ImmunoSafe-CeD - Towards comprehensive analytical methods for partially hydrolysed gluten to assess product safety for celiac disease patients

  • Contact:

    Prof. Dr. Katharina Scherf

  • Project Group:

    Eleonora Tissen, M.Sc.

  • Funding:

    EU H2020, ERA-HDHL, BMBF, 01EA2205A

  • Partner:

    University Medical Center Mainz, Institute of Translational Immunology (TIM) and Clinical Celiac Center

    Oslo University Hospital, Department of Gastroenterology

    Oslo University Hospital, Department of Immunology and KG Jebsen Coeliac Disease Research Centre

    Institute of Biochemistry and Cell Biology, National Council of Research of Italy

    Coeliac UK

    R-Biopharm AG

  • Startdate:

    01 April 2022

  • Enddate:

    31 March 2025

Celiac disease (CeD) is a common food-induced inflammatory disease of the small intestine caused by the ingestion of gluten from wheat, barley and rye. It is one of the most prevalent food hypersensitivities worldwide and affects 0.5-2.5% of the European population. The only effective treatment available is a strict lifelong gluten-free (GF) diet. GF products for CeD patients must not exceed the regulatory threshold of 20 mg/kg of gluten. Compliance of foods containing fermented or partially hydrolysed gluten is routinely assessed using the R5 competitive enzyme-linked immunosorbent assay (ELISA). However, this test does not adequately represent gluten immunogenicity in CeD patients. 

The overall objective of our ImmunoSafe-CeD proposal is to determine the CeD immunogenic activity of intact and partially hydrolysed gluten from wheat, rye and barley and develop improved comprehensive functional and analytical assays, including novel ELISAs and quantitative proteomics methods to ensure food safety for CeD patients. Thus, our objective is designed to directly address the needs of the CeD community about being reassured that GF products that contain partially hydrolysed gluten are safe and suitable for inclusion in their GF diet.

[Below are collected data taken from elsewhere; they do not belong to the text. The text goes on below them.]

lemma short_cycle_through:
  assumes G: "graph V E" and C: "induced_cycle V E C" and vC: "v \<notin> set C"
    and hit: "hits_every_edge E v C" and k: "2 \<le> k" "k + 2 < length C"
  obtains D where "induced_cycle V E D" "length D \<le> 4" "v \<in> set D" "C!k \<in> set D"
    "set D \<subseteq> insert v (nth C ` {k - 2..k + 2})"
proof -
  note found = that
  have gap_cycle: thesis
    if "s < t" "t \<le> s + 2" "k - 2 \<le> s" "s \<le> k" "k \<le> t" "t \<le> k + 2"
      "E v (C!s)" "E v (C!t)" "\<And>i. s < i \<Longrightarrow> i < t \<Longrightarrow> \<not> E v (C!i)" for s t
  proof (rule found)
    let ?D = "v # map (nth C) [s..<Suc t]"
    show "induced_cycle V E ?D"
      by (rule induced_cycle_gap[OF G C vC]) (use that k in auto)
    show "length ?D \<le> 4" "v \<in> set ?D" using that by auto
    have "k \<in> {s..<Suc t}" using that by simp
    then show "C!k \<in> set ?D" by (simp del: upt_Suc)
    show "set ?D \<subseteq> insert v (nth C ` {k - 2..k + 2})" using that by auto
  qed
  show thesis
  proof (cases "E v (C!k)")
    case True
    show thesis
    proof (cases "E v (C!Suc k)")
      case True
      then show thesis using gap_cycle[of k "Suc k"] \<open>E v (C!k)\<close> by simp
    next
      case False
      then have "E v (C!(k + 2))" using hits_every_edge_nth[OF hit C, of "Suc k"] k by simp
      then show thesis
        using gap_cycle[of k "k + 2"] \<open>E v (C!k)\<close> False by (simp add: less_Suc_eq)
    qed
  next
    case False
    then have "E v (C!(k - 1))" "E v (C!(k + 1))"
      using hits_every_edge_nth[OF hit C, of "k - 1"] hits_every_edge_nth[OF hit C, of k] k by auto
    moreover have "\<not> E v (C!i)" if "k - 1 < i" "i < k + 1" for i
    proof -
      have "i = k" using that k by arith
      then show ?thesis using False by simp
    qed
    ultimately show thesis using k by (intro gap_cycle[of "k - 1" "k + 1"]) auto
  qed
qed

By combining discovery proteomics and quantitative LC-MS/MS methods, improved reference materials for partially hydrolysed gluten, CeD-patient derived monoclonal antibodies and functional gluten-specific T-cell assays, we will provide a comprehensive and unique toolbox of novel and validated methods to detect gluten (both intact and partially hydrolysed) in foods for CeD patients. This toolbox will close the current discrepancy between food analytical methods and CeD immunogenicity for the first time, because all methods will be matched to clinical pathophysiology assessed by food challenge in CeD patients.